--- START ---

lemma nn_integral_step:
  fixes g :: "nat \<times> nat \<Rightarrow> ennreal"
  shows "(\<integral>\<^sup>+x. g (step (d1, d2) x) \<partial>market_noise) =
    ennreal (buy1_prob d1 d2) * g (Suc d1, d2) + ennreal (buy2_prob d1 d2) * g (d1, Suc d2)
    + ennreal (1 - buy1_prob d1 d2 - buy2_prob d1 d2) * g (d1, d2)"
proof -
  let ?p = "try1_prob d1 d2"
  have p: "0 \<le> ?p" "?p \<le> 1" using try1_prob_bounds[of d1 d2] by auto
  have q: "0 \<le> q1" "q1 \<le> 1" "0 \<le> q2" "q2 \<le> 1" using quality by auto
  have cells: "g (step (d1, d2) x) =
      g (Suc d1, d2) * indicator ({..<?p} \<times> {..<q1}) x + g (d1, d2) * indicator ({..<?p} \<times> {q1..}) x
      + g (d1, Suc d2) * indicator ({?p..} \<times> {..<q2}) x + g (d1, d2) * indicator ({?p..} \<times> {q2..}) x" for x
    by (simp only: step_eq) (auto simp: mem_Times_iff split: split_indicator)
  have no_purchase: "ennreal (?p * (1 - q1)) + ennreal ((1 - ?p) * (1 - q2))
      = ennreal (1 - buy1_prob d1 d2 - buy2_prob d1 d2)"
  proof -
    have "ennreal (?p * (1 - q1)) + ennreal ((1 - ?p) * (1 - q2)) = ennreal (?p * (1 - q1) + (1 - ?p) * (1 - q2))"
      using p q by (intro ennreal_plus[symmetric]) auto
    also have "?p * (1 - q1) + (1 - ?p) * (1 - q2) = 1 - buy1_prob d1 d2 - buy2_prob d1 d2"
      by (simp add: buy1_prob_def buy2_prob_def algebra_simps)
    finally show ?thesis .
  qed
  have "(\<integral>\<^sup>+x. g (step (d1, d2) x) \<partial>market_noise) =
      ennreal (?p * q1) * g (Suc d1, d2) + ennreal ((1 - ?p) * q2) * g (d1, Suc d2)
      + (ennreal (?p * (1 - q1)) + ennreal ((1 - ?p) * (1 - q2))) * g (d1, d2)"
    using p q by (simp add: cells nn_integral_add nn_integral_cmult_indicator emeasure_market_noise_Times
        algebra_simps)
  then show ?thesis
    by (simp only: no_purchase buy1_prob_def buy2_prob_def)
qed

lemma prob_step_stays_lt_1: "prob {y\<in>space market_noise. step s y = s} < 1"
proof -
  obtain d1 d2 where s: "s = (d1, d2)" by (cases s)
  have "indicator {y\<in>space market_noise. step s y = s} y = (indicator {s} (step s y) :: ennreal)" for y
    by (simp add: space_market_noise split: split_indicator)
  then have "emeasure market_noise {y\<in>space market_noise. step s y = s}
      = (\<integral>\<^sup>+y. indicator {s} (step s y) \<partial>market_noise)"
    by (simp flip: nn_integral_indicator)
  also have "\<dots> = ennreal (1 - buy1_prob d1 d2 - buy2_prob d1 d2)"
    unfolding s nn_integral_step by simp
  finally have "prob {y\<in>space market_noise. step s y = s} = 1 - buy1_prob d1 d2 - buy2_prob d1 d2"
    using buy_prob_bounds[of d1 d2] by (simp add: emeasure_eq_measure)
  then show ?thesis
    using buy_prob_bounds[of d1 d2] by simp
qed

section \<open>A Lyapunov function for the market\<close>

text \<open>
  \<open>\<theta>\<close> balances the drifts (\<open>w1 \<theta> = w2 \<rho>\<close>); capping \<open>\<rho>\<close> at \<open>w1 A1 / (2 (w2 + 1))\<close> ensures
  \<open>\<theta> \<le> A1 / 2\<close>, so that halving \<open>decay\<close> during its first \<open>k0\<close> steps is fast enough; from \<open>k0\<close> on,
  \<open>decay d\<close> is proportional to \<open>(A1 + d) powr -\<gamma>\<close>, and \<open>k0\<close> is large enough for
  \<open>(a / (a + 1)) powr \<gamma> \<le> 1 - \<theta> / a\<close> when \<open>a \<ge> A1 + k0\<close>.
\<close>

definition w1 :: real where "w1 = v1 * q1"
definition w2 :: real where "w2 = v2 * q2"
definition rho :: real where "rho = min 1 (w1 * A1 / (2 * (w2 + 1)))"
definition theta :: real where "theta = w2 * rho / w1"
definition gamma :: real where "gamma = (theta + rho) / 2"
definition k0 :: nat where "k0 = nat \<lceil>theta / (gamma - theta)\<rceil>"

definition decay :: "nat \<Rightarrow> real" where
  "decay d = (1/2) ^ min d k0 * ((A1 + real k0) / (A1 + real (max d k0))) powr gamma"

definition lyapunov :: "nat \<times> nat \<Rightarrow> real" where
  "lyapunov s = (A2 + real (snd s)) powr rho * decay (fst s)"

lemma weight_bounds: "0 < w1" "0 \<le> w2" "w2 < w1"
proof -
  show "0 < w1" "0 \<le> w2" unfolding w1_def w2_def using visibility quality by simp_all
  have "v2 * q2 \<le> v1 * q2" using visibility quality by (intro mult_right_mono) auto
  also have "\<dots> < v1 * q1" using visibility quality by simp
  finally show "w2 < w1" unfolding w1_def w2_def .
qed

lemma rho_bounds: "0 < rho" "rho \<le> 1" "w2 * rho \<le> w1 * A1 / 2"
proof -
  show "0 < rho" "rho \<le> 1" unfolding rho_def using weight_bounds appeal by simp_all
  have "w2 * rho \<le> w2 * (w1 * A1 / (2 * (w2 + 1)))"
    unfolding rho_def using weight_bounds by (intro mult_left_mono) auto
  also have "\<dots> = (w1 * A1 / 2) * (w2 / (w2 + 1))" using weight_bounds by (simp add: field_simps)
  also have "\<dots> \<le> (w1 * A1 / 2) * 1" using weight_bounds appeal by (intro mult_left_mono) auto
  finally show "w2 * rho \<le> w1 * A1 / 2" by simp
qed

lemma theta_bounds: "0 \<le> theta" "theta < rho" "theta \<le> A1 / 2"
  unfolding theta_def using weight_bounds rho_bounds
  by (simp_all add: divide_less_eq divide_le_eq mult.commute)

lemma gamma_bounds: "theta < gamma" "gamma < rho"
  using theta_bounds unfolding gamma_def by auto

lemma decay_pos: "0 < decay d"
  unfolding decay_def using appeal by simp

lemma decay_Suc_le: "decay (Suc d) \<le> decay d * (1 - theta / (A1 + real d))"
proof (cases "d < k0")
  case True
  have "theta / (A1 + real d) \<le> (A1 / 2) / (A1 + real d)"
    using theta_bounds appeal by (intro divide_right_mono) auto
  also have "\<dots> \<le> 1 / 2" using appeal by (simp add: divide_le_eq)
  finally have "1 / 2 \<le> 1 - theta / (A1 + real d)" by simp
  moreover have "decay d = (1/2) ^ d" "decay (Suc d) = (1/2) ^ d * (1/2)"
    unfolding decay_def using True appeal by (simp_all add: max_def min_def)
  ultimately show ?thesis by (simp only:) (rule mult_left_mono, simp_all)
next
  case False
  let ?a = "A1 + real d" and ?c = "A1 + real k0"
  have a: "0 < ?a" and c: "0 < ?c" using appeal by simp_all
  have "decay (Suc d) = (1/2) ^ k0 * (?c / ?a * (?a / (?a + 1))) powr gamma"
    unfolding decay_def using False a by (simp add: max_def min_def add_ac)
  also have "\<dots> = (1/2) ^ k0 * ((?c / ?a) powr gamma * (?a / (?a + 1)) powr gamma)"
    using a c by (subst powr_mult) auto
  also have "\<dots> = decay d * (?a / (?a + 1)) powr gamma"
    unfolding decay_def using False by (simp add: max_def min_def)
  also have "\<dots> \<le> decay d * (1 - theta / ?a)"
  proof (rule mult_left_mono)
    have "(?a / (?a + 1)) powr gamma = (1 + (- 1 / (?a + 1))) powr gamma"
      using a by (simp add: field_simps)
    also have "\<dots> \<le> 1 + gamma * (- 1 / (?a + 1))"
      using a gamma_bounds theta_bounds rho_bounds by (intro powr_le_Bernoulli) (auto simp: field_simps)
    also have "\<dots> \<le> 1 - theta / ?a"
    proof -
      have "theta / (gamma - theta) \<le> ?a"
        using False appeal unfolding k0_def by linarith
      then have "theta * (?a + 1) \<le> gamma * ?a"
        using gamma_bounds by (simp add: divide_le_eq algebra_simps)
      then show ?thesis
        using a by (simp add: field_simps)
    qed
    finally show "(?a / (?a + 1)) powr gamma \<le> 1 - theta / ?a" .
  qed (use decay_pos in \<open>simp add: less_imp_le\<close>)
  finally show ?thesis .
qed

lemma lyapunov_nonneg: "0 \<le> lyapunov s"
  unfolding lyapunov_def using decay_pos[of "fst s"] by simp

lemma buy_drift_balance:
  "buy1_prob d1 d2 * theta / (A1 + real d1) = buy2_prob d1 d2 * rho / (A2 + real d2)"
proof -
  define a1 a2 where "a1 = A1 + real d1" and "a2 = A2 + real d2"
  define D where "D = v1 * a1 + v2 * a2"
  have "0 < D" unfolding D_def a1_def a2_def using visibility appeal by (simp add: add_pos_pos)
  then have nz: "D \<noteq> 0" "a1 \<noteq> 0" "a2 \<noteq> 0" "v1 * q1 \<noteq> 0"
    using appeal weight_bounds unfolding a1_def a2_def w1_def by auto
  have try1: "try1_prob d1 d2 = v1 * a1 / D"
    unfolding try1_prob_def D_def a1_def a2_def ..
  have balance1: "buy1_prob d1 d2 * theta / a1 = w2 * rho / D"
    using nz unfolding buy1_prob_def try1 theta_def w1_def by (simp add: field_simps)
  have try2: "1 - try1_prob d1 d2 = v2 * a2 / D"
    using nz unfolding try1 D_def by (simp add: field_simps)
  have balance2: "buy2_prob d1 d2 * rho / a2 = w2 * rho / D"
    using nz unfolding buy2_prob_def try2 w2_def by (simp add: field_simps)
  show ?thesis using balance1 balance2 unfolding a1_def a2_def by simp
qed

--- END ---

§ PROBLEM TO SOLVE:
All that is wanted is the line with "using nz unfolding buy1_prob_def" and every later line in the entries, reproduced exactly.

§ RESPONSE AREA:
    using nz unfolding buy1_prob_def try1 theta_def w1_def by (simp add: field_simps)
  have try2: "1 - try1_prob d1 d2 = v2 * a2 / D"
    using nz unfolding try1 D_def by (simp add: field_simps)
  have balance2: "buy2_prob d1 d2 * rho / a2 = w2 * rho / D"
    using nz unfolding buy2_prob_def try2 w2_def by (simp add: field_simps)
  show ?thesis using balance1 balance2 unfolding a1_def a2_def by simp
qed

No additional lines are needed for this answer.